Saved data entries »

lemma sum_window_products_in_block_le:
  fixes N :: real
  assumes "l < 2 * m"
  defines "N \<equiv> block_size l"
  shows "(\<Sum>t<block_size l.
      (t * (N + prev_block_size l) / N + 1) * ((N - t) * (N + block_size (Suc l)) / N))
    \<le> real M ^ 3 * weight l * (m * (m + 1)) / 6 + (real (m + 1) * M) ^ 2"
proof -
  have "(\<Sum>t<block_size l.
      (t * (N + prev_block_size l) / N + 1) * ((N - t) * (N + block_size (Suc l)) / N))
      \<le> N * (N + prev_block_size l) * (N + block_size (Suc l)) / 6
        + (N + block_size (Suc l)) * (N + 1) / 2"
    unfolding N_def using block_size_pos[OF assms(1)] by (intro sum_affine_products_le) simp_all
  also have "N * (N + prev_block_size l) * (N + block_size (Suc l))
      = real M ^ 3 * weight l * (m * (m + 1))"
  proof -
    define p where "p = (if l = 0 then 0 else weight (l - 1))"
    have "prev_block_size l = p * M"
      unfolding prev_block_size_def block_size_def p_def by simp
    then have "N * (N + prev_block_size l) * (N + block_size (Suc l))
        = real M ^ 3 * weight l * ((real (weight l) + p) * (weight l + weight (Suc l)))"
      unfolding N_def block_size_def by (simp add: algebra_simps power3_eq_cube)
    also have "(real (weight l) + p) * (weight l + weight (Suc l)) = m * (m + 1)"
      using weight_neighbours_product[OF assms(1)] unfolding p_def
      by (metis of_nat_add of_nat_mult of_nat_1)
    finally show ?thesis .
  qed
  also have "(N + block_size (Suc l)) * (N + 1) / 2 \<le> (real (m + 1) * M) ^ 2"
  proof -
    have "block_size l + block_size (Suc l) \<le> (m + 1) * M" "1 \<le> (m + 1) * M"
      using mult_le_mono1[OF weight_adjacent_le[OF assms(1)], of M] M_pos
      unfolding block_size_def by (simp_all add: add_mult_distrib)
    then have "N + block_size (Suc l) \<le> real (m + 1) * M" "1 \<le> real (m + 1) * M"
      unfolding N_def
      by (metis of_nat_add of_nat_le_iff of_nat_mult, metis of_nat_1 of_nat_le_iff of_nat_mult)
    then have "N + block_size (Suc l) \<le> real (m + 1) * M" "N + 1 \<le> 2 * (real (m + 1) * M)"
      by simp_all
    then have "(N + block_size (Suc l)) * (N + 1) \<le> (real (m + 1) * M) * (2 * (real (m + 1) * M))"
      unfolding N_def by (intro mult_mono) simp_all
    then show ?thesis
      by (simp add: power2_eq_square)
  qed
  finally show ?thesis by simp
qed

lemma sum_window_products_le:
  "(\<Sum>y<nverts. real (card (lower_window y) * card (upper_window y)))
    \<le> real nverts ^ 3 / (6 * (m * (m + 1))) + 2 * real nverts ^ 2"
proof -
  define D where "D = real m * (m + 1)"
  have "(\<Sum>y<nverts. real (card (lower_window y) * card (upper_window y)))
      \<le> (\<Sum>y<nverts. (y - lo y + 1) * (hi y - y))"
    by (intro sum_mono card_window_product_le) simp
  also have "\<dots> = (\<Sum>l<2 * m. \<Sum>t<block_size l.
      (real (block_start l + t) - lo (block_start l + t) + 1)
        * (hi (block_start l + t) - real (block_start l + t)))"
    unfolding nverts_def block_start_def by (rule sum_lessThan_blocks)
  also have "\<dots> = (\<Sum>l<2 * m. \<Sum>t<block_size l.
      (t * (real (block_size l) + prev_block_size l) / block_size l + 1)
        * ((real (block_size l) - t) * (real (block_size l) + block_size (Suc l)) / block_size l))"
    by (intro sum.cong refl window_product_in_block) auto
  also have "\<dots> \<le> (\<Sum>l<2 * m. real M ^ 3 * D / 6 * weight l + (real (m + 1) * M) ^ 2)"
    using sum_window_products_in_block_le unfolding D_def
    by (intro sum_mono) (simp add: algebra_simps)
  also have "\<dots> = real M ^ 3 * D / 6 * (\<Sum>l<2 * m. real (weight l))
      + 2 * m * (real (m + 1) * M) ^ 2"
    by (simp add: sum.distrib sum_distrib_left)
  also have "(\<Sum>l<2 * m. real (weight l)) = D"
    using sum_weight[of m] unfolding D_def by (simp add: algebra_simps flip: of_nat_sum)
  also have "real M ^ 3 * D / 6 * D + 2 * m * (real (m + 1) * M) ^ 2
      \<le> real nverts ^ 3 / (6 * (m * (m + 1))) + 2 * real nverts ^ 2"
  proof -
    have nverts: "real nverts = D * M" "real nverts = m * (real (m + 1) * M)"
      using nverts_eq unfolding D_def by (simp_all add: algebra_simps)
    have "0 < D"
      using m_pos unfolding D_def by simp
    then have "real M ^ 3 * D / 6 * D = real nverts ^ 3 / (6 * (m * (m + 1)))"
      unfolding nverts(1) D_def by (simp add: field_simps power3_eq_cube)
    moreover have "m * (real (m + 1) * M) ^ 2 \<le> (real m * m) * (real (m + 1) * M) ^ 2"
      using m_pos by (intro mult_right_mono) simp_all
    then have "2 * m * (real (m + 1) * M) ^ 2 \<le> 2 * real nverts ^ 2"
      unfolding nverts(2) by (simp add: power_mult_distrib power2_eq_square[of "real m"])
    ultimately show ?thesis
      by linarith
  qed
  finally show ?thesis .
qed

lemma card_nonincreasing_triples_le:
  "real (card (nonincreasing_triples nverts label))
    \<le> real nverts ^ 3 / (6 * (m * (m + 1))) + 2 * real nverts ^ 2"
proof -
  have "card (nonincreasing_triples nverts label)
      \<le> (\<Sum>y<nverts. card (lower_window y) * card (upper_window y))"
  proof (rule card_triples_le_sum_windows)
    fix x y z assume xyz: "(x, y, z) \<in> nonincreasing_triples nverts label"
    then show "y < nverts \<and> x \<in> lower_window y \<and> z \<in> upper_window y"
      using nonincreasing_triple_window[OF xyz]
      unfolding nonincreasing_triples_def lower_window_def upper_window_def by auto
  qed (simp_all add: lower_window_def upper_window_def finite_nat_in_real_interval)
  then have "real (card (nonincreasing_triples nverts label))
      \<le> (\<Sum>y<nverts. real (card (lower_window y) * card (upper_window y)))"
    by (metis of_nat_le_iff of_nat_sum)
  then show ?thesis
    using sum_window_products_le by linarith
qed

lemma ex3_ge_nverts:
  assumes "nverts \<le> n"
  shows "real (nverts choose 3) - real nverts ^ 3 / (6 * (m * (m + 1))) - 2 * real nverts ^ 2
    \<le> real (ex3 n (tight_path (2 * m + 2)))"
proof -
  have "card (increasing_edges nverts label) \<le> ex3 n (tight_path (2 * m + 2))"
    using assms
    by (intro ex3_ge_card hypergraph3_increasing_edges increasing_edges_tight_path_free)
  then show ?thesis
    using card_increasing_edges_ge[of nverts label] card_nonincreasing_triples_le by linarith
qed

end

lemma ex3_tight_path_ge:
  fixes m n :: nat
  assumes "0 < m" "m * (m + 1) \<le> n"
  shows "(1 - 1 / real (m * (m + 1))) * real (n choose 3) - (real (m * (m + 1)) + 3) * real n ^ 2
    \<le> real (ex3 n (tight_path (2 * m + 2)))"
proof -
  define D where "D = m * (m + 1)"
  have "0 < D" "D \<le> n"
    using assms unfolding D_def by simp_all
  then have "0 < n div D"
    by (simp add: div_greater_zero_iff)
  then interpret path_free_construction m "n div D"
    using assms(1) by unfold_locales
  have "nverts = n div D * D"
    using nverts_eq unfolding D_def by simp
  then have "nverts \<le> n" "n < nverts + D"
    using div_mult_mod_eq[of n D] mod_less_divisor[OF \<open>0 < D\<close>, of n] by linarith+
  then have "(1 - 1 / D) * (n * (real n - 1) * (real n - 2) / 6) - (real D + 3) * real n ^ 2
      \<le> nverts * (real nverts - 1) * (real nverts - 2) / 6 - real nverts ^ 3 / (6 * real D)
        - 2 * real nverts ^ 2"
    using \<open>0 < D\<close> \<open>D \<le> n\<close> by (intro cubic_shift_bound) simp_all
  also have "\<dots> \<le> real (ex3 n (tight_path (2 * m + 2)))"
    using ex3_ge_nverts[OF \<open>nverts \<le> n\<close>] unfolding real_choose_three D_def by simp
  finally show ?thesis
    unfolding real_choose_three D_def .
qed

theorem corollary4p6:
  fixes s :: nat
  assumes "s \<ge> 4" and "even s"
  shows "\<exists>g :: nat \<Rightarrow> real. g \<longlonglongrightarrow> 0 \<and>
    (\<forall>\<^sub>F n in sequentially.
       real (ex3 n (tight_path s)) \<ge>
         (1 - 4 / (real (s - 2) * real s) + g n) * real (n choose 3))"
proof -
  obtain m where s: "s = 2 * m + 2" and "0 < m"
  proof -
    obtain k where "s = 2 * k"
      using assms(2) by blast
    with assms(1) show ?thesis
      using that[of "k - 1"] by simp
  qed
  define D where "D = real (m * (m + 1))"
  have "real (s - 2) * real s = 4 * D"
    unfolding s D_def by (simp add: algebra_simps)
  then have "4 / (real (s - 2) * real s) = 1 / D"
    by simp
  define g where "g n = - (D + 3) * (real n ^ 2 / real (n choose 3))" for n
  have "g \<longlonglongrightarrow> 0"
    unfolding g_def by (intro tendsto_mult_right_zero square_over_choose_three_tendsto_zero)
  moreover have
    "(1 - 4 / (real (s - 2) * real s) + g n) * real (n choose 3) \<le> real (ex3 n (tight_path s))"
    if "m * (m + 1) + 3 \<le> n" for n
  proof -
    have "0 < real (n choose 3)"
      using that by simp
    then have "(1 - 4 / (real (s - 2) * real s) + g n) * real (n choose 3)
        = (1 - 1 / D) * real (n choose 3) - (D + 3) * real n ^ 2"
      unfolding \<open>4 / _ = 1 / D\<close> g_def by (simp add: field_simps)
    also have "\<dots> \<le> real (ex3 n (tight_path s))"
      unfolding s D_def using \<open>0 < m\<close> that by (intro ex3_tight_path_ge) simp_all
    finally show ?thesis .
  qed
  ultimately show ?thesis
    by (auto intro!: exI[of _ g] eventually_sequentiallyI[of "m * (m + 1) + 3"])
qed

GOAL OF THE EXERCISE »
From the records above, give again exactly the lines running from the line with "unfolding block_size_def by" to the line with "by (metis of_nat_add of_nat_le_iff", inclusive.

EXERCISE OUTPUT »
      unfolding block_size_def by (simp_all add: add_mult_distrib)
    then have "N + block_size (Suc l) \<le> real (m + 1) * M" "1 \<le> real (m + 1) * M"
      unfolding N_def
      by (metis of_nat_add of_nat_le_iff of_nat_mult, metis of_nat_1 of_nat_le_iff of_nat_mult)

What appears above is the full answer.